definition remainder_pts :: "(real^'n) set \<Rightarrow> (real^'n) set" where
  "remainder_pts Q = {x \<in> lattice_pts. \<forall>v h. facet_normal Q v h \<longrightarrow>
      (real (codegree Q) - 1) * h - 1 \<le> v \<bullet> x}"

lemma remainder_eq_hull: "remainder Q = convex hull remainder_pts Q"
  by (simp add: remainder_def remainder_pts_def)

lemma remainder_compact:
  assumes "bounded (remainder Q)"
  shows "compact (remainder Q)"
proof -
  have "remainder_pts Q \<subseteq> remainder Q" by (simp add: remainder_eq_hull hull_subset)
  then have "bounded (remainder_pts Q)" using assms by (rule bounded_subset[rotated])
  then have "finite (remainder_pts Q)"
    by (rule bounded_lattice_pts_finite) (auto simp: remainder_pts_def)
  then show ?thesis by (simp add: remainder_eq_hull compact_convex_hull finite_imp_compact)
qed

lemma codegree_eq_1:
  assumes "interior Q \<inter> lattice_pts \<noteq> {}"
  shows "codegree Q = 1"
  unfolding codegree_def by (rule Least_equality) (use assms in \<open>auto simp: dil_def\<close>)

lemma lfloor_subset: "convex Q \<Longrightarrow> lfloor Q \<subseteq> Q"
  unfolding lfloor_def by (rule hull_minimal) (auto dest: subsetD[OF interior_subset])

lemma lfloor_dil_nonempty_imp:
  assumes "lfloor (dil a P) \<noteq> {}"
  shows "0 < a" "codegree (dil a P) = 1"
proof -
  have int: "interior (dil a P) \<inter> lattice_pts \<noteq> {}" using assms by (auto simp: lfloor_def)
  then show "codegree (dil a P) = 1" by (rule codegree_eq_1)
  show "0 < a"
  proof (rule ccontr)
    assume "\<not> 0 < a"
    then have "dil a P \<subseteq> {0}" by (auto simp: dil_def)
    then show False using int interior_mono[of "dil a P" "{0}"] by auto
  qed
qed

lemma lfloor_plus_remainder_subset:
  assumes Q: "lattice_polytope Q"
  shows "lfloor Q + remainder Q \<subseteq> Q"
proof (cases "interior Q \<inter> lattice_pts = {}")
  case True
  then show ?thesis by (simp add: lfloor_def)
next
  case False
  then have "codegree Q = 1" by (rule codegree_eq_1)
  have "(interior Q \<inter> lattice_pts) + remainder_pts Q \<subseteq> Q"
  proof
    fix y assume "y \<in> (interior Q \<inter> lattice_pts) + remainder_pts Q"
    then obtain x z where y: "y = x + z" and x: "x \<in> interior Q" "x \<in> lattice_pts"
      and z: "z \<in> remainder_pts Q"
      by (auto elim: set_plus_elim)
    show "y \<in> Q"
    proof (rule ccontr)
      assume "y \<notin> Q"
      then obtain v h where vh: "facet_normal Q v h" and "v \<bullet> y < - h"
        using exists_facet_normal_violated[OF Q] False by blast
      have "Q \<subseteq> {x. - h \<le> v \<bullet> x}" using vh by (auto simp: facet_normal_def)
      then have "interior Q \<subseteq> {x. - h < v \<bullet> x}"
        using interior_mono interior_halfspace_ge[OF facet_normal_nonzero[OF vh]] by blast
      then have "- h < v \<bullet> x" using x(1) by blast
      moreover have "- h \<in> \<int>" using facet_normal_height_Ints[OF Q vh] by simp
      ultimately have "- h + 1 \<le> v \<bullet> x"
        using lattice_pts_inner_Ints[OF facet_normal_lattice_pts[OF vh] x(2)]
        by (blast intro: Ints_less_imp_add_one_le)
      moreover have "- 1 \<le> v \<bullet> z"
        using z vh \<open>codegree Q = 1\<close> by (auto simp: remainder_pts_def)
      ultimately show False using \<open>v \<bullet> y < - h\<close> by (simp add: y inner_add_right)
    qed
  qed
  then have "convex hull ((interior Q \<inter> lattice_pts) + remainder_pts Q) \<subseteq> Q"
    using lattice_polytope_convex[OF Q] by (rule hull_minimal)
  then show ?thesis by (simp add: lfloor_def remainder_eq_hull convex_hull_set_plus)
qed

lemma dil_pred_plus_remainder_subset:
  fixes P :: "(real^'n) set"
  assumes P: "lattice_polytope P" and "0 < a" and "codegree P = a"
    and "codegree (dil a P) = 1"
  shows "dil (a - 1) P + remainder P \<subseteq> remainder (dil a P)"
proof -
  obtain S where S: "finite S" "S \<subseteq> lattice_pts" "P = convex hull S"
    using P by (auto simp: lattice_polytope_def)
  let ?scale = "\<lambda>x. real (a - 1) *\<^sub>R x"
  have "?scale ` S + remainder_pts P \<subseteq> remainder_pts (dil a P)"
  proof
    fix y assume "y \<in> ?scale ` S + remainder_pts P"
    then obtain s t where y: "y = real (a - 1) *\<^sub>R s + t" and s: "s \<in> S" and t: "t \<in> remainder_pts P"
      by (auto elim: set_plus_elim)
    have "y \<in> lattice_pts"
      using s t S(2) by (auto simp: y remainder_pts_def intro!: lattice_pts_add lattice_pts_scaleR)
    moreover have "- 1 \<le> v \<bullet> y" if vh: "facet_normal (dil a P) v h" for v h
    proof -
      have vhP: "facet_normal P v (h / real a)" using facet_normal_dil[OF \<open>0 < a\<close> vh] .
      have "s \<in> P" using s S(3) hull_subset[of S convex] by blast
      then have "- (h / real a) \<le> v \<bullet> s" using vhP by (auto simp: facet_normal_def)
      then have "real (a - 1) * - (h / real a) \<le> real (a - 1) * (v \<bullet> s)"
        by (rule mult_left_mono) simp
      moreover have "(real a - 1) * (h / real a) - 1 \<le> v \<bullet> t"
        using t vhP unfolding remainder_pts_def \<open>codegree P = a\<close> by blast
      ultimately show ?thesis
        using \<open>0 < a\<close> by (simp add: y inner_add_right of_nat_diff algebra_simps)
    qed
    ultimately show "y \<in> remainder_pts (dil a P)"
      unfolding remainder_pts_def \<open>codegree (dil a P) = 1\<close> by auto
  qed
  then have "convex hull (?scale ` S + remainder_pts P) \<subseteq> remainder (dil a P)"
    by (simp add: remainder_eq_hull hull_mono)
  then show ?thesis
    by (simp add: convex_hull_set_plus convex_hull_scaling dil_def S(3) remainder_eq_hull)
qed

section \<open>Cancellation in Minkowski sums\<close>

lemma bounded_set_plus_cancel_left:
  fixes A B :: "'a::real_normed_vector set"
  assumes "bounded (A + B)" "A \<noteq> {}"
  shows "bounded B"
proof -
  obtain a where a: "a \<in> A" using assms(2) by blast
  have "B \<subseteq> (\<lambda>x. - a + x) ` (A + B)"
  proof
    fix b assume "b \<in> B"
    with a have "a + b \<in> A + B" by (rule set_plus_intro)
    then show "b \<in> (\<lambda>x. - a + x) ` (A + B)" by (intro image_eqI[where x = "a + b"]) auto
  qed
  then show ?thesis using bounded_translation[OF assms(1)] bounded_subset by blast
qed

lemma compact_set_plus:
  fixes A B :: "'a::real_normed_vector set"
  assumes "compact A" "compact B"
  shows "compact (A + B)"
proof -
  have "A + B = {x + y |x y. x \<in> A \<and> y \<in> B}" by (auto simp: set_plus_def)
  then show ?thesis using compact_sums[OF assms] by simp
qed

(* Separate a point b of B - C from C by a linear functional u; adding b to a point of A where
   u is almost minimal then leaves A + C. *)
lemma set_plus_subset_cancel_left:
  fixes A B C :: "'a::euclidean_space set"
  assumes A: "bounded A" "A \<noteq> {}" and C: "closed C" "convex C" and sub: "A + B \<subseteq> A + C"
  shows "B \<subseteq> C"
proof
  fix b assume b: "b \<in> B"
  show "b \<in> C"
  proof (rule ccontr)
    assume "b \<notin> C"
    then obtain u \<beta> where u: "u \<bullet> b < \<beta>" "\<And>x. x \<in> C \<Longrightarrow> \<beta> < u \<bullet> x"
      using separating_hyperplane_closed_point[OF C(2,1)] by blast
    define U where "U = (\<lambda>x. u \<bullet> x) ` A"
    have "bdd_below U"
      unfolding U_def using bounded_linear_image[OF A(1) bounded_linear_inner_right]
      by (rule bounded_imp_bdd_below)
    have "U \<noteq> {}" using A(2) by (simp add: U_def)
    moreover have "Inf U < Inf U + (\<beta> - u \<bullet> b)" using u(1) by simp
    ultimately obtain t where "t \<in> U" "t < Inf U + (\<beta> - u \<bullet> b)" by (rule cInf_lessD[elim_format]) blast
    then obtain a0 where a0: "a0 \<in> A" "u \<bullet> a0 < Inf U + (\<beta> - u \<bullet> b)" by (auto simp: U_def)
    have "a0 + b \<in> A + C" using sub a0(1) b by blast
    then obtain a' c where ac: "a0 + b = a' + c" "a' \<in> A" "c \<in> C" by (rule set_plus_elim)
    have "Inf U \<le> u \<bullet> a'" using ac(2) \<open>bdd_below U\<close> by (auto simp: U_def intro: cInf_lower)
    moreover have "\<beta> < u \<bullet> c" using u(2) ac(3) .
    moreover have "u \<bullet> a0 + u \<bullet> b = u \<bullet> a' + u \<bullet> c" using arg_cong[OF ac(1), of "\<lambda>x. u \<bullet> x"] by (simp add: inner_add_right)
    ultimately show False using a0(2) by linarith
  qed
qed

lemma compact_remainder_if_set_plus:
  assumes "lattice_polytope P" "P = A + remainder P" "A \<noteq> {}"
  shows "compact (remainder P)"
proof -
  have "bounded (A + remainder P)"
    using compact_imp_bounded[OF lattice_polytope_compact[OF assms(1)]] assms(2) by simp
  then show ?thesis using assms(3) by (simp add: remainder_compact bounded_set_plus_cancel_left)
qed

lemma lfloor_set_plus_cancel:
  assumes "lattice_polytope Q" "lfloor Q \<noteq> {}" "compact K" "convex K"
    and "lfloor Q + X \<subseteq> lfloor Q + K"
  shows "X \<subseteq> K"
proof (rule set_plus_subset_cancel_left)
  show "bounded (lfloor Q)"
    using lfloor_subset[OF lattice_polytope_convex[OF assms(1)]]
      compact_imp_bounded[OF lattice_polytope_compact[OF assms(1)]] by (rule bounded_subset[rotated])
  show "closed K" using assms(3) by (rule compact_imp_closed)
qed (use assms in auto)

_ _ _ _ _ _ _

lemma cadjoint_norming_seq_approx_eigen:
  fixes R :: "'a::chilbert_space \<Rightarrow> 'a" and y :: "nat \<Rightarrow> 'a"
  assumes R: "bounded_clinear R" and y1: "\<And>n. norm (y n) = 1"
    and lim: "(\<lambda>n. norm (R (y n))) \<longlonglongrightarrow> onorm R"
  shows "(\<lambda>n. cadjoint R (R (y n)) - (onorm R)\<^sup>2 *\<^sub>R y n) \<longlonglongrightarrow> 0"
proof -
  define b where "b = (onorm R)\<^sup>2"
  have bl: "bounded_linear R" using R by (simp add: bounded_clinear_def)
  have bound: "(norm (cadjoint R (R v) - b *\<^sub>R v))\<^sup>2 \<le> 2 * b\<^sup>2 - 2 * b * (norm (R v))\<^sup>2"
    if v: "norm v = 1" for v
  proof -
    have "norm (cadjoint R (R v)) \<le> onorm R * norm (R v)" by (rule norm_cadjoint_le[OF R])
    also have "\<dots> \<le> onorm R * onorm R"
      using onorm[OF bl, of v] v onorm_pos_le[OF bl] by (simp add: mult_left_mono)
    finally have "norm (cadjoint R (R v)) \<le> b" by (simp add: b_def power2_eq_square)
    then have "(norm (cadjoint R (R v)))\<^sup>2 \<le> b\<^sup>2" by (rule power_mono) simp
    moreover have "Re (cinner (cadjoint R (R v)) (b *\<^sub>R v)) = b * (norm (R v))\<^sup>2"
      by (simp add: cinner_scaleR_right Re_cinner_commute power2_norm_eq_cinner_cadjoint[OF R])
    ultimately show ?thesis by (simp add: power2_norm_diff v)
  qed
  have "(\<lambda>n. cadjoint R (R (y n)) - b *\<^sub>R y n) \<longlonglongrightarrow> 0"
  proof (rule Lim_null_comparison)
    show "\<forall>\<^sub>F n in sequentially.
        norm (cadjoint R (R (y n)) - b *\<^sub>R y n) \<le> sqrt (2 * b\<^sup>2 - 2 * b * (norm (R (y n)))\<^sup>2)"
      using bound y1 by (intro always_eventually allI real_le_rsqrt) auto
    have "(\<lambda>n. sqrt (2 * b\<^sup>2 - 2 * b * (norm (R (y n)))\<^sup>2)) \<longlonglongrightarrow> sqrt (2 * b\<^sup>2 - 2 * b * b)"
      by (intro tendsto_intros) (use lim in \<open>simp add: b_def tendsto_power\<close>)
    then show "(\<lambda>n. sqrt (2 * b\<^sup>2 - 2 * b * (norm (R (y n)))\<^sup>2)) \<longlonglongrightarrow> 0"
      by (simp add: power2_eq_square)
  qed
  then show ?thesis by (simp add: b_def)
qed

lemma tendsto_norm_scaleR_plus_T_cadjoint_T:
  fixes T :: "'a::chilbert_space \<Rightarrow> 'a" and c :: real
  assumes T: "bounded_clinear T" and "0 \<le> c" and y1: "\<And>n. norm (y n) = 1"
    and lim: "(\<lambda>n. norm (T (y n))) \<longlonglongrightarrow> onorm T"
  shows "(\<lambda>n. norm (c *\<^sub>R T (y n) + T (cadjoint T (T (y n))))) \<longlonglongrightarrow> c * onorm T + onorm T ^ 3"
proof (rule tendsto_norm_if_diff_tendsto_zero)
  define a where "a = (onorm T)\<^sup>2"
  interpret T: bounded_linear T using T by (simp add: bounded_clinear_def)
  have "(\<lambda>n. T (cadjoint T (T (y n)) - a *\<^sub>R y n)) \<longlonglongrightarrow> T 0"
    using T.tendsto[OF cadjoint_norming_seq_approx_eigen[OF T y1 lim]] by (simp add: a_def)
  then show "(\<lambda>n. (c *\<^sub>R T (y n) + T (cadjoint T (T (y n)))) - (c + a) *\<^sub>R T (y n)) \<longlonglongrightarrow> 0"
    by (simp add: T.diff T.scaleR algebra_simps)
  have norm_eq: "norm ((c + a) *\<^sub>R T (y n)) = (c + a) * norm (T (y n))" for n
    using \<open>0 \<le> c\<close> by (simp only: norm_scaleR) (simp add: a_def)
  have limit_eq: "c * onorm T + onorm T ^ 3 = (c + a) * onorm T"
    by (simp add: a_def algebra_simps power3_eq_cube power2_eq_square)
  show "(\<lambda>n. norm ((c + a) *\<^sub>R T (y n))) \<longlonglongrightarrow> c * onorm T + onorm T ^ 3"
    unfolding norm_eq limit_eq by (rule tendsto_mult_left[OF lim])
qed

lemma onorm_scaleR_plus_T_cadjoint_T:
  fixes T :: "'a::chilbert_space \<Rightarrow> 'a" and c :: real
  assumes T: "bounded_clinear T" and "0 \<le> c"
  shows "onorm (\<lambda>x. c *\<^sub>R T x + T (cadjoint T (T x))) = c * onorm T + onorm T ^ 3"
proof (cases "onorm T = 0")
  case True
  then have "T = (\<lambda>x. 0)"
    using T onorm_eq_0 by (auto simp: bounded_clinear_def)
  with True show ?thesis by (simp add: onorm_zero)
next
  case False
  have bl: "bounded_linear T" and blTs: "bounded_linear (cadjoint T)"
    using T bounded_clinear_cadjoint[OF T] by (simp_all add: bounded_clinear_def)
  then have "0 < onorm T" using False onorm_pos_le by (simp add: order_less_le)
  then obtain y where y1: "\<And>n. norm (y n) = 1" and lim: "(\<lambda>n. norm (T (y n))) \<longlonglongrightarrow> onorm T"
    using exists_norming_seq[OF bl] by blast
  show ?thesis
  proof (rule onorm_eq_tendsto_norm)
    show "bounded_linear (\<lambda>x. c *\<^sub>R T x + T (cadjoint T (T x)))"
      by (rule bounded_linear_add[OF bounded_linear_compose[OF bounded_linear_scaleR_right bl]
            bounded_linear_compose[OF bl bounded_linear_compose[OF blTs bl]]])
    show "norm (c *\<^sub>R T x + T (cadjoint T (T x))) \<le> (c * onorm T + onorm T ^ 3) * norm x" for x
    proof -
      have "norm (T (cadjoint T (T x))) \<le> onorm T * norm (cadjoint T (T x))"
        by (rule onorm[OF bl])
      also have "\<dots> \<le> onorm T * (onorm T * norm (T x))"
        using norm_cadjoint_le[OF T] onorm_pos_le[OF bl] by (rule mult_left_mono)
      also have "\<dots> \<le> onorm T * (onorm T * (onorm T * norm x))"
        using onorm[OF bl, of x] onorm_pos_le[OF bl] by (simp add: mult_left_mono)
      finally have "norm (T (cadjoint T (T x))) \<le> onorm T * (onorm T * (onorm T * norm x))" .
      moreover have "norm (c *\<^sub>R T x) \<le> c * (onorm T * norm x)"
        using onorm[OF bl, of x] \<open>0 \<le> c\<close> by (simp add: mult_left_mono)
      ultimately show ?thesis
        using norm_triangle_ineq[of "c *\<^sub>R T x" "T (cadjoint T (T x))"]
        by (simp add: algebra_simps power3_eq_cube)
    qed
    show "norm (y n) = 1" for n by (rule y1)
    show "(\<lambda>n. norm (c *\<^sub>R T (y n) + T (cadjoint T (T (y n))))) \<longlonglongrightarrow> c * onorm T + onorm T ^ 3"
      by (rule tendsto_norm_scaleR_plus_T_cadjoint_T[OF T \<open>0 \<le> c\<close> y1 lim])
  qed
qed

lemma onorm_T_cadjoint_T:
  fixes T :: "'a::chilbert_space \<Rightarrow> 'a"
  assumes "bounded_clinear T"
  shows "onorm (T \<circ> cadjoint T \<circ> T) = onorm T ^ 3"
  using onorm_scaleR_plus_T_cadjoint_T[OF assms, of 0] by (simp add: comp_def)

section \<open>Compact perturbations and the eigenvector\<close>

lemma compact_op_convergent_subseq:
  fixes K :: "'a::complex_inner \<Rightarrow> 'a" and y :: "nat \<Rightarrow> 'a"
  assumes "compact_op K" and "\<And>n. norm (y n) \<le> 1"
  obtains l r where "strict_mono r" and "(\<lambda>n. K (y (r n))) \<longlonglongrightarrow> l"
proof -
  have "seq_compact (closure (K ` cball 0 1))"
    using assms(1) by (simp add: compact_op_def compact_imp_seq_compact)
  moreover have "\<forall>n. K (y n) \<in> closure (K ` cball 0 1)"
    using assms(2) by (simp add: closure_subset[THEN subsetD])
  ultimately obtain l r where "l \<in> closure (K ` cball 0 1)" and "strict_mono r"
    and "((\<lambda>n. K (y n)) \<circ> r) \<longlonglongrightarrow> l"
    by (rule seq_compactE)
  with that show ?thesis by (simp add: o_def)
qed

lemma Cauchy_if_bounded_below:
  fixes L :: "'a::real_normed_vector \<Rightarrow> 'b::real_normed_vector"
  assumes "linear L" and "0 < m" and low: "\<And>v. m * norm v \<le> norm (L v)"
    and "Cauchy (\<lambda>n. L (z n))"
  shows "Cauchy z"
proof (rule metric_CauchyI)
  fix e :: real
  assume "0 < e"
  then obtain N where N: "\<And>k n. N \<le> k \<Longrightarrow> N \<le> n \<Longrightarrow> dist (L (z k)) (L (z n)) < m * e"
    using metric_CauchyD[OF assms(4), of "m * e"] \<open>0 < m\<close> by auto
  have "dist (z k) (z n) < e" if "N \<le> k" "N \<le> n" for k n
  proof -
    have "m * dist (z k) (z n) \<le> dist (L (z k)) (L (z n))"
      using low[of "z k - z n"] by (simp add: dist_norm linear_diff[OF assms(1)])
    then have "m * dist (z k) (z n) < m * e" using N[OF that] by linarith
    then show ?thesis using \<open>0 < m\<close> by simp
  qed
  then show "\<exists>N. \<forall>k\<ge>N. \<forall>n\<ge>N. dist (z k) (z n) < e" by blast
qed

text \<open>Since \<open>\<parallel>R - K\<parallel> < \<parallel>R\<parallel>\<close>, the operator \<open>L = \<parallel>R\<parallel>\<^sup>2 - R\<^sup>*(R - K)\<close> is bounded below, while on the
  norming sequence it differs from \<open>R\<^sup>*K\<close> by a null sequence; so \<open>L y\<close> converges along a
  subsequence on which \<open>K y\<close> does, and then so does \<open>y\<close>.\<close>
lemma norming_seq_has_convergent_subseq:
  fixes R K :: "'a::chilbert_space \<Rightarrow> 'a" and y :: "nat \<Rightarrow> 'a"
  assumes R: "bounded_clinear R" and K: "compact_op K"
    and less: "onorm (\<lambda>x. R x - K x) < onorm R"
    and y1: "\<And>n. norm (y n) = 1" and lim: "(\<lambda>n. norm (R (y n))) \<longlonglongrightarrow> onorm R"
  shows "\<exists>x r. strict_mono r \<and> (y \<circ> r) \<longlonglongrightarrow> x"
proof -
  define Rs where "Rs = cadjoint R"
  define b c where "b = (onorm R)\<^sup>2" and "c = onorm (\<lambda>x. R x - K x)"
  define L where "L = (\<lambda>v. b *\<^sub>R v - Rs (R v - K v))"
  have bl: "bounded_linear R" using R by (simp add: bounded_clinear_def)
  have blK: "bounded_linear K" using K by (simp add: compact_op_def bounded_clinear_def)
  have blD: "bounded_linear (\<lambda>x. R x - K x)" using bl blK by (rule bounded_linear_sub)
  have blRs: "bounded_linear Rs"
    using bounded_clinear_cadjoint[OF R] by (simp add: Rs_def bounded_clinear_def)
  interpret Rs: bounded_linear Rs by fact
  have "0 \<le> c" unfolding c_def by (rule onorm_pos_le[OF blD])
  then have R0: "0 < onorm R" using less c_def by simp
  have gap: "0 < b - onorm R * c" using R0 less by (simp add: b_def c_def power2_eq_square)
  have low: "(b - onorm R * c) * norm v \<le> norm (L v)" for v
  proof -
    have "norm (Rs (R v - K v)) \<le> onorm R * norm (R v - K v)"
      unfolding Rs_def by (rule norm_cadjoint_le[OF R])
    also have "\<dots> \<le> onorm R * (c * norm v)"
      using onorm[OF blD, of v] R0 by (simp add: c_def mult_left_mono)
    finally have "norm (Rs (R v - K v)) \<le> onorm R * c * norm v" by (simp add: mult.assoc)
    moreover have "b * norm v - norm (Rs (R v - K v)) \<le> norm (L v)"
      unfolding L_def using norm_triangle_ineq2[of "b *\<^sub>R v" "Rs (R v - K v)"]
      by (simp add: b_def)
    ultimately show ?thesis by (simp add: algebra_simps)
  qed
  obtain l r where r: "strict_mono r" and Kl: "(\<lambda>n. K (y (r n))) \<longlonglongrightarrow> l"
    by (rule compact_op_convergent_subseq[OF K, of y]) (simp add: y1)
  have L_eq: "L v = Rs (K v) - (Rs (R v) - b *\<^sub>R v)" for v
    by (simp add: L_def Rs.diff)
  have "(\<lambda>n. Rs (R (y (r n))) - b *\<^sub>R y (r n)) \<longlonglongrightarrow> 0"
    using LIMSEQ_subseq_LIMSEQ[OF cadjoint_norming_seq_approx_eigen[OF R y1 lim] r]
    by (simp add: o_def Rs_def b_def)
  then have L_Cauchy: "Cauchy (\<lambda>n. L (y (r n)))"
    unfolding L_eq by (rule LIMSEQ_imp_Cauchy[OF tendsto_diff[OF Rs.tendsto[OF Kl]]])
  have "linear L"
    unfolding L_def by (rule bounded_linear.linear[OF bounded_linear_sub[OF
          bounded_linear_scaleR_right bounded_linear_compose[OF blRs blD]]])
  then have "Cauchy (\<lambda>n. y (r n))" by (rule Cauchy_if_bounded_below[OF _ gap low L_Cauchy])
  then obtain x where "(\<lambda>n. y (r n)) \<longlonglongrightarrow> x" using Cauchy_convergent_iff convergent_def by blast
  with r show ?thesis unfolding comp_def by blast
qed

_ _ _ _ _ _ _

Taking the lines above, repeat exactly those from the line that contains "(simp add: order_less_le)" through the line that contains "by (rule bounded_linear_add[OF", and both of those lines as well. Include nothing else.

  then have "0 < onorm T" using False onorm_pos_le by (simp add: order_less_le)
  then obtain y where y1: "\<And>n. norm (y n) = 1" and lim: "(\<lambda>n. norm (T (y n))) \<longlonglongrightarrow> onorm T"
    using exists_norming_seq[OF bl] by blast
  show ?thesis
  proof (rule onorm_eq_tendsto_norm)
    show "bounded_linear (\<lambda>x. c *\<^sub>R T x + T (cadjoint T (T x)))"
      by (rule bounded_linear_add[OF bounded_linear_compose[OF bounded_linear_scaleR_right bl]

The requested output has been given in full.